The vast majority of companies in Ireland are registered as limited liability. They manage to conduct their businesses and grow while meeting the standards of transparency.

When it comes to unlimited companies different considerations apply. In this case, company law exempts unlimited liability companies from the obligation to file financial statements in public, as the assets of the owners and of the company are one and the same. This exemption is significant and is based on good reasons. However, it is still an exemption from the general principle of transparency and therefore we need to ensure that the criteria for using the exemption are clear cut and fit for purpose.

As things stand, there is a gap in the law here. The gap arises when companies set up structures that mix limited and unlimited liability companies. In some cases, these structures include companies registered outside the EU. In other cases, they are groups that trade through limited liability subsidiaries. The effect of these layers of limited and unlimited companies in corporate structures is that the owners of companies and groups can get the advantages of limited liability without having to comply with the obligations that should go with that limited liability. Sections 78 and 80 address this gap.
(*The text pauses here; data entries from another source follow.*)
lemma approx_seq_integral_powr_le:
  assumes s: "approx_seq u s" and A: "eventually (\<lambda>n. L2sq (s n) \<le> A) sequentially"
    and K: "(\<lambda>n. Ykin (s n)) \<longlonglongrightarrow> K" and t: "0 < t" and q: "2 \<le> q" "q \<le> 4"
  shows "integral\<^sup>L lborel (\<lambda>z. \<bar>u z\<bar> powr q) \<le> t powr (q - 2) * A + t powr (q - 4) * (4 * sqrt A * K * sqrt K)"
proof (rule integral_real_bounded)
  have Y: "\<And>n. s n \<in> Yspace" using s unfolding approx_seq_def by blast
  have "eventually (\<lambda>n. 0 \<le> A) sequentially" using A by eventually_elim (use L2sq_nonneg order_trans in blast)
  then have A0: "0 \<le> A" by simp
  have K0: "0 \<le> K" using K Ykin_nonneg[OF Y] by (intro tendsto_lowerbound[OF K]) (auto intro: always_eventually)
  show "0 \<le> t powr (q - 2) * A + t powr (q - 4) * (4 * sqrt A * K * sqrt K)" using A0 K0 by simp
  show "(\<integral>\<^sup>+z. ennreal (\<bar>u z\<bar> powr q) \<partial>lborel) \<le> ennreal (t powr (q - 2) * A + t powr (q - 4) * (4 * sqrt A * K * sqrt K))"
  proof (rule nn_integral_le_of_AE_tendsto[where F = "\<lambda>n z. \<bar>s n z\<bar> powr q"])
    show "(\<lambda>z. \<bar>s n z\<bar> powr q) \<in> borel_measurable lborel" for n
      by (intro measurable_abs_powr Yspace_borel_measurable Y)
    show "AE z in lborel. (\<lambda>n. \<bar>s n z\<bar> powr q) \<longlonglongrightarrow> \<bar>u z\<bar> powr q"
      using s unfolding approx_seq_def
      using q by (auto elim!: eventually_mono intro!: tendsto_powr2 tendsto_intros)
    show "eventually (\<lambda>n. (\<integral>\<^sup>+z. ennreal (\<bar>s n z\<bar> powr q) \<partial>lborel) \<le>
        ennreal (t powr (q - 2) * A + t powr (q - 4) * (4 * sqrt A * Ykin (s n) * sqrt (Ykin (s n))))) sequentially"
      using A by eventually_elim (rule Yspace_nn_integral_powr_le[OF Y _ t q])
    show "(\<lambda>n. t powr (q - 2) * A + t powr (q - 4) * (4 * sqrt A * Ykin (s n) * sqrt (Ykin (s n))))
        \<longlonglongrightarrow> t powr (q - 2) * A + t powr (q - 4) * (4 * sqrt A * K * sqrt K)"
      by (intro tendsto_intros K)
  qed
qed

section \<open>Lower bound and coercivity of J\<close>

lemma powr_scaled_interpolation_le:
  fixes A K q :: real
  assumes A: "0 \<le> A" and K: "0 \<le> K"
  shows "((1 + K) powr (3 / 4)) powr (q - 2) * A + ((1 + K) powr (3 / 4)) powr (q - 4) * (4 * sqrt A * K * sqrt K)
    \<le> (A + 4 * sqrt A) * (1 + K) powr (3 * (q - 2) / 4)"
proof -
  have "K * sqrt K \<le> (1 + K) * sqrt (1 + K)" using K by (intro mult_mono) auto
  also have "\<dots> = (1 + K) powr 1 * (1 + K) powr (1 / 2)" using K by (simp add: powr_half_sqrt)
  also have "\<dots> = (1 + K) powr (1 + 1 / 2)" by (rule powr_add[symmetric])
  finally have "K * sqrt K \<le> (1 + K) powr (3 / 2)" by simp
  then have "((1 + K) powr (3 / 4)) powr (q - 4) * (K * sqrt K) \<le>
      (1 + K) powr (3 * (q - 4) / 4) * (1 + K) powr (3 / 2)"
    using K by (simp add: powr_powr mult_left_mono)
  also have "\<dots> = (1 + K) powr (3 * (q - 2) / 4)"
    by (simp add: field_simps flip: powr_add)
  finally have "4 * sqrt A * (((1 + K) powr (3 / 4)) powr (q - 4) * (K * sqrt K)) \<le>
      4 * sqrt A * (1 + K) powr (3 * (q - 2) / 4)"
    using A by (intro mult_left_mono) auto
  moreover have "((1 + K) powr (3 / 4)) powr (q - 2) = (1 + K) powr (3 * (q - 2) / 4)"
    using K by (simp add: powr_powr)
  ultimately show ?thesis by (simp add: algebra_simps)
qed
Some provisions in the Bill amend the Companies Act 2014 but are not related to the law on financial reporting. These are mainly technical and do not reflect changes in policy. The Bill clarifies some definitions, reinstates some provisions that were inadvertently left out in the consolidation that led to the Companies Act 2014, corrects some typing errors and addresses issues that have come to light since the commencement of the 2014 Act. For example, section 92 restores the priority and standing of various creditors, such as employees and the Revenue Commissioners. This was necessary following a recent judgment of the Supreme Court that resulted in the holder of a floating charge being able to leap-frog preferential creditors, contrary to the intention in the Companies Act 2014.
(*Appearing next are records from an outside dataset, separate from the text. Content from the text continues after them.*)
(* Let $K\subset\mathbb{R}^n$ be closed and consider $\Sigma:\ \dot x\in F(x),\ x\in C$, satisfying (SA), and assume Assumptions 1, 2 and 3 hold. Let $\phi$ be a solution to $\Sigma$ with $\phi(0)=x\in\mathcal{P}$ that leaves $K$ immediately. Then $$\operatorname{cl}(F_\phi(x))\subset T_{\partial K\cap C}(x)\setminus T_{\partial K\setminus\operatorname{int}(C)}(x).$$
   Context: Standing assumption (SA): $C \subset \mathbb{R}^n$ is closed; $F:\mathbb{R}^n \rightrightarrows \mathbb{R}^n$ has $F(x)$ nonempty, closed and convex for all $x \in C$; $F$ is continuous (upper and lower semicontinuous) and one-sided locally Lipschitz: for every nonempty compact $\mathcal{N} \subset \operatorname{dom} F$ there is $k>0$ with $(x_1-x_2)^\top F(x_1) \subset (x_1-x_2)^\top F(x_2) + k|x_1-x_2|^2\mathbb{B}$ for all $x_1,x_2 \in \mathcal{N}$ ($\mathbb{B}$ the closed unit ball). Solutions: $\phi$ is locally absolutely continuous with values in $C$, $\operatorname{dom}\phi=[0,T]$ ($T\ge0$) or $[0,T)$ ($T\in\mathbb{R}_{\ge0}\cup\{+\infty\}$), and $\dot\phi(t)\in F(\phi(t))$ for a.e. $t\in\operatorname{dom}\phi$. A solution $\phi$ with $\phi(0)=x$ leaves $K$ immediately if there is $T>0$ with $\phi((0,T])\subset C\setminus K$. Set of initial speeds: $F_\phi(x):=\{v\in\mathbb{R}^n:\ \exists\{t_i\}\subset\mathbb{R}_{>0},\ t_i\to0,\ \lim_i (\phi(t_i)-\phi(0))/t_i=v\}$. Contingent cone of $S$ at $x\in\operatorname{cl}(S)$: $T_S(x)=\{v: \exists t_i\to 0^+, \exists v_i\to v,\ x+t_iv_i\in S\}$. Adjacent cone: $T^a_S(x)=\{v: \forall t_i\to 0^+, \exists v_i\to v,\ x+t_iv_i\in S\}$. $\mathcal{P}:=\{x\in\partial K\cap\partial C:\ \mathcal{N}(x)\cap(C\setminus K)\neq\emptyset \text{ for every neighborhood } \mathcal{N}(x) \text{ of } x\}$. Assumption 1: $F(x)\subset T_K(x)$ for all $x\in\mathcal{P}$. Assumption 2: $F(x)\cap T_{\partial K\cap\partial C}(x)=\emptyset$ for all $x\in\mathcal{P}$. Assumption 3: for each $x\in\mathcal{P}$: (a) $T_{\partial K}(x)=T^a_{\partial K}(x)$; (b) $T_C(x)=T^a_C(x)$; (c) there exist a neighborhood $\mathcal{N}(x)$, $c>0$, $\alpha\in[0,1)$ such that for all $(x_1,x_2)\in((\partial K\setminus C)\cap\mathcal{N}(x))\times((\partial C\setminus\partial K)\cap\mathcal{N}(x))$ there exist $(v_1,v_2)\in T_{\partial K}(x_1)\times T_C(x_2)$ with $|(v_1,v_2)|\le c|x_1-x_2|$ and $x_2-x_1\in v_1-v_2+\alpha|x_1-x_2|\mathbb{B}$. *)

theory Defs
  imports "HOL-Analysis.Analysis"
begin

definition sv_dom :: "('a \<Rightarrow> 'b set) \<Rightarrow> 'a set" where
  "sv_dom F = {x. F x \<noteq> {}}"

definition sv_usc_at :: "('a::metric_space \<Rightarrow> 'b::topological_space set) \<Rightarrow> 'a \<Rightarrow> bool" where
  "sv_usc_at F x \<longleftrightarrow> (\<forall>U. open U \<and> F x \<subseteq> U \<longrightarrow> (\<exists>\<eta>>0. \<forall>y\<in>ball x \<eta>. F y \<subseteq> U))"

definition sv_lsc_at :: "('a::metric_space \<Rightarrow> 'b::topological_space set) \<Rightarrow> 'a \<Rightarrow> bool" where
  "sv_lsc_at F x \<longleftrightarrow> (\<forall>U. open U \<and> F x \<inter> U \<noteq> {} \<longrightarrow>
      (\<exists>\<eta>>0. \<forall>y\<in>ball x \<eta> \<inter> sv_dom F. F y \<inter> U \<noteq> {}))"

definition sv_continuous :: "('a::metric_space \<Rightarrow> 'b::topological_space set) \<Rightarrow> bool" where
  "sv_continuous F \<longleftrightarrow> (\<forall>x\<in>sv_dom F. sv_usc_at F x \<and> sv_lsc_at F x)"

definition one_sided_loc_lipschitz :: "('a::euclidean_space \<Rightarrow> 'a set) \<Rightarrow> bool" where
  "one_sided_loc_lipschitz F \<longleftrightarrow>
     (\<forall>N. N \<noteq> {} \<and> compact N \<and> N \<subseteq> sv_dom F \<longrightarrow>
        (\<exists>k>0. \<forall>x1\<in>N. \<forall>x2\<in>N. \<forall>v\<in>F x1. \<exists>w\<in>F x2. \<exists>r.
            \<bar>r\<bar> \<le> k * (norm (x1 - x2))\<^sup>2 \<and> (x1 - x2) \<bullet> v = (x1 - x2) \<bullet> w + r))"

definition standing_assumption :: "'a::euclidean_space set \<Rightarrow> ('a \<Rightarrow> 'a set) \<Rightarrow> bool" where
  "standing_assumption C F \<longleftrightarrow> closed C \<and>
     (\<forall>x\<in>C. F x \<noteq> {} \<and> closed (F x) \<and> convex (F x)) \<and>
     sv_continuous F \<and> one_sided_loc_lipschitz F"

definition abs_continuous_on_interval :: "(real \<Rightarrow> 'a::real_normed_vector) \<Rightarrow> real \<Rightarrow> real \<Rightarrow> bool" where
  "abs_continuous_on_interval \<phi> a b \<longleftrightarrow>
     (\<forall>\<epsilon>>0. \<exists>\<delta>>0. \<forall>(n::nat) (s::nat \<Rightarrow> real) (u::nat \<Rightarrow> real).
        (\<forall>i<n. a \<le> s i \<and> s i \<le> u i \<and> u i \<le> b) \<and>
        (\<forall>i<n. \<forall>j<n. i \<noteq> j \<longrightarrow> u i \<le> s j \<or> u j \<le> s i) \<and>
        (\<Sum>i<n. u i - s i) < \<delta>
        \<longrightarrow> (\<Sum>i<n. norm (\<phi> (u i) - \<phi> (s i))) < \<epsilon>)"

definition loc_abs_continuous_on :: "real set \<Rightarrow> (real \<Rightarrow> 'a::real_normed_vector) \<Rightarrow> bool" where
  "loc_abs_continuous_on D \<phi> \<longleftrightarrow> (\<forall>a b. a \<le> b \<and> {a..b} \<subseteq> D \<longrightarrow> abs_continuous_on_interval \<phi> a b)"

definition solution_domain :: "real set \<Rightarrow> bool" where
  "solution_domain D \<longleftrightarrow> (\<exists>T\<ge>0. D = {0..T} \<or> D = {0..<T}) \<or> D = {0..}"

definition is_solution :: "'a::euclidean_space set \<Rightarrow> ('a \<Rightarrow> 'a set) \<Rightarrow> (real \<Rightarrow> 'a) \<Rightarrow> real set \<Rightarrow> bool" where
  "is_solution C F \<phi> D \<longleftrightarrow> solution_domain D \<and> loc_abs_continuous_on D \<phi> \<and>
     (\<forall>t\<in>D. \<phi> t \<in> C) \<and>
     (AE t in lebesgue. t \<in> D \<longrightarrow> (\<exists>v. (\<phi> has_vector_derivative v) (at t within D) \<and> v \<in> F (\<phi> t)))"

definition leaves_immediately :: "'a set \<Rightarrow> 'a set \<Rightarrow> (real \<Rightarrow> 'a) \<Rightarrow> real set \<Rightarrow> bool" where
  "leaves_immediately C K \<phi> D \<longleftrightarrow> (\<exists>T>0. {0<..T} \<subseteq> D \<and> \<phi> ` {0<..T} \<subseteq> C - K)"

definition initial_speeds :: "(real \<Rightarrow> 'a::real_normed_vector) \<Rightarrow> real set \<Rightarrow> 'a set" where
  "initial_speeds \<phi> D = {v. \<exists>t::nat \<Rightarrow> real. (\<forall>i. t i > 0 \<and> t i \<in> D) \<and> t \<longlonglongrightarrow> 0 \<and>
       (\<lambda>i. (\<phi> (t i) - \<phi> 0) /\<^sub>R t i) \<longlonglongrightarrow> v}"

definition contingent_cone :: "'a::real_normed_vector set \<Rightarrow> 'a \<Rightarrow> 'a set" where
  "contingent_cone S x = {v. \<exists>(t::nat \<Rightarrow> real) (w::nat \<Rightarrow> 'a). (\<forall>i. t i > 0) \<and> t \<longlonglongrightarrow> 0 \<and>
       w \<longlonglongrightarrow> v \<and> (\<forall>i. x + t i *\<^sub>R w i \<in> S)}"

definition adjacent_cone :: "'a::real_normed_vector set \<Rightarrow> 'a \<Rightarrow> 'a set" where
  "adjacent_cone S x = {v. \<forall>t::nat \<Rightarrow> real. (\<forall>i. t i > 0) \<and> t \<longlonglongrightarrow> 0 \<longrightarrow>
       (\<exists>w::nat \<Rightarrow> 'a. w \<longlonglongrightarrow> v \<and> (\<forall>i. x + t i *\<^sub>R w i \<in> S))}"

text \<open>The set \<P>.\<close>
definition bad_points :: "'a::real_normed_vector set \<Rightarrow> 'a set \<Rightarrow> 'a set" where
  "bad_points C K = {x \<in> frontier K \<inter> frontier C.
      \<forall>N. open N \<and> x \<in> N \<longrightarrow> N \<inter> (C - K) \<noteq> {}}"

definition assumption1 :: "'a::euclidean_space set \<Rightarrow> ('a \<Rightarrow> 'a set) \<Rightarrow> 'a set \<Rightarrow> bool" where
  "assumption1 C F K \<longleftrightarrow> (\<forall>x\<in>bad_points C K. F x \<subseteq> contingent_cone K x)"

definition assumption2 :: "'a::euclidean_space set \<Rightarrow> ('a \<Rightarrow> 'a set) \<Rightarrow> 'a set \<Rightarrow> bool" where
  "assumption2 C F K \<longleftrightarrow>
     (\<forall>x\<in>bad_points C K. F x \<inter> contingent_cone (frontier K \<inter> frontier C) x = {})"

definition assumption3 :: "'a::euclidean_space set \<Rightarrow> 'a set \<Rightarrow> bool" where
  "assumption3 C K \<longleftrightarrow> (\<forall>x\<in>bad_points C K.
     contingent_cone (frontier K) x = adjacent_cone (frontier K) x \<and>
     contingent_cone C x = adjacent_cone C x \<and>
     (\<exists>N c \<alpha>. open N \<and> x \<in> N \<and> c > 0 \<and> 0 \<le> \<alpha> \<and> \<alpha> < 1 \<and>
        (\<forall>x1\<in>(frontier K - C) \<inter> N. \<forall>x2\<in>(frontier C - frontier K) \<inter> N.
           \<exists>v1\<in>contingent_cone (frontier K) x1. \<exists>v2\<in>contingent_cone C x2.
             norm (v1, v2) \<le> c * norm (x1 - x2) \<and>
             norm ((x2 - x1) - (v1 - v2)) \<le> \<alpha> * norm (x1 - x2))))"

end

theory Submission
  imports Defs
begin

(* Let v be an initial speed of the solution at x. Difference quotients of an absolutely
   continuous arc lie in every closed convex set containing its velocities, and upper
   semicontinuity of F provides closed half-spaces containing the velocities near x, so v lies
   in F(x), which is contained in T_K(x) by Assumption 1. Since the solution is outside K for
   small t > 0, v is also tangent to the complement of K; a segment from inside K to outside K
   crosses the boundary, so v is tangent to bd K.

   Assumption 3(c) yields a local linear error bound for the pairs (bd K, C) and
   (bd K - int C, C): minimising |y1 - y2| + l (|y1 - x1| + |y2 - x2|) over the two sets gives
   a pair whose first-order conditions contradict the transversal tangent vectors of 3(c)
   unless one of the two points already lies in the intersection. Under such a bound, a
   direction that is adjacent to one set and contingent to the other is contingent to their
   intersection, and 3(a), 3(b) say that the contingent cones of bd K and C are adjacent. Hence
   v is tangent to the intersection of bd K and C, while tangency to bd K - int C would make v
   tangent to the intersection of bd K and bd C, contradicting Assumption 2. *)


section \<open>Contingent cones\<close>

lemma contingent_cone_iff:
  "v \<in> contingent_cone S x \<longleftrightarrow>
     (\<forall>e>0. \<forall>d>0. \<exists>t w. 0 < t \<and> t < d \<and> dist w v < e \<and> x + t *\<^sub>R w \<in> S)"
proof
  assume "v \<in> contingent_cone S x"
  then obtain t w where t: "\<forall>i. t i > 0" "t \<longlonglongrightarrow> 0" and w: "w \<longlonglongrightarrow> v"
    and S: "\<forall>i. x + t i *\<^sub>R w i \<in> S"
    unfolding contingent_cone_def by blast
  show "\<forall>e>0. \<forall>d>0. \<exists>t w. 0 < t \<and> t < d \<and> dist w v < e \<and> x + t *\<^sub>R w \<in> S"
  proof (intro allI impI)
    fix e d :: real
    assume "e > 0" "d > 0"
    then have "eventually (\<lambda>i. t i < d \<and> dist (w i) v < e) sequentially"
      using t(2) w by (auto intro: eventually_conj order_tendstoD tendstoD)
    then obtain i where "t i < d" "dist (w i) v < e"
      using eventually_sequentially by auto
    then show "\<exists>t w. 0 < t \<and> t < d \<and> dist w v < e \<and> x + t *\<^sub>R w \<in> S"
      using t(1) S by blast
  qed
next
  assume "\<forall>e>0. \<forall>d>0. \<exists>t w. 0 < t \<and> t < d \<and> dist w v < e \<and> x + t *\<^sub>R w \<in> S"
  then have "\<forall>k::nat. \<exists>t w. 0 < t \<and> t < 1 / Suc k \<and> dist w v < 1 / Suc k \<and> x + t *\<^sub>R w \<in> S"
    by simp
  then obtain t w where tw: "\<And>k. 0 < t k \<and> t k < 1 / Suc k \<and> dist (w k) v < 1 / Suc k \<and> x + t k *\<^sub>R w k \<in> S"
    by metis
  have "t \<longlonglongrightarrow> 0"
  proof (rule LIMSEQ_norm_0)
    show "norm (t k) < 1 / real (Suc k)" for k
      using tw[of k] by simp
  qed
  moreover have "w \<longlonglongrightarrow> v"
  proof (rule LIM_zero_cancel, rule LIMSEQ_norm_0)
    show "norm (w k - v) < 1 / real (Suc k)" for k
      using tw[of k] by (simp add: dist_norm)
  qed
  ultimately show "v \<in> contingent_cone S x"
    unfolding contingent_cone_def using tw by blast
qed

lemma closed_contingent_cone: "closed (contingent_cone S x)"
  unfolding closure_subset_eq[symmetric]
proof
  fix v
  assume "v \<in> closure (contingent_cone S x)"
  then have approx: "\<forall>e>0. \<exists>v'\<in>contingent_cone S x. dist v' v < e"
    by (simp add: closure_approachable)
  show "v \<in> contingent_cone S x"
    unfolding contingent_cone_iff
  proof (intro allI impI)
    fix e d :: real
    assume "e > 0" "d > 0"
    then obtain v' where v': "v' \<in> contingent_cone S x" "dist v' v < e / 2"
      using approx half_gt_zero by blast
    then obtain t w where "0 < t" "t < d" "dist w v' < e / 2" "x + t *\<^sub>R w \<in> S"
      using \<open>e > 0\<close> \<open>d > 0\<close> unfolding contingent_cone_iff by (meson half_gt_zero)
    moreover have "dist w v < e"
      using dist_triangle[of w v v'] \<open>dist w v' < e / 2\<close> v'(2) by linarith
    ultimately show "\<exists>t w. 0 < t \<and> t < d \<and> dist w v < e \<and> x + t *\<^sub>R w \<in> S"
      by blast
  qed
qed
I am keen to outline another issue that is of practical concern to many stakeholders. The EU accounting directive applies at the latest to financial statements for financial years that start in the course of 2016. The directive also allows member states to apply the provisions earlier, for financial years that started in 2015. However, we are now in April 2017 and the Bill is not yet enacted. For many businesses, the new financial year will have begun and they may already have prepared financial statements for 2016. Given the savings that the reduced reporting regime in this Bill will bring to small businesses, it is important that enterprise gets to avail of those at the earliest opportunity.Indeed, since the publication of the Bill last August a good deal of interest has been expressed in applying the new measures as soon as possible. New accounting standards for small and micro entities have been developed but cannot be used until this Bill is on the Statute Book. Therefore, section 14 of the Bill provides that directors may decide to apply the reduced reporting requirements to financial statements for financial years beginning in 2015 and 2016. This is not retrospective legislation as we would usually understand it. Rather, the Bill is permitting companies to apply new reporting requirements to activity that has already happened. It is the form and content of reporting, not the actions of the company, that we are addressing here. While most financial statements for 2015 will have been filed by now, there may still be a benefit in section 14 for any company whose financial year started in late 2015. When it comes to financial years that began in the course of 2016, section 14 should be of benefit to a wider group of companies. It is hoped that this provision will mitigate some of the effects of the delay in transposing the EU directive.

I am pleased to introduce a Bill that brings real and meaningful benefits to the vast majority of companies in Ireland and that will ensure that our law on financial reporting is fit for purpose. I commend the Bill to the House.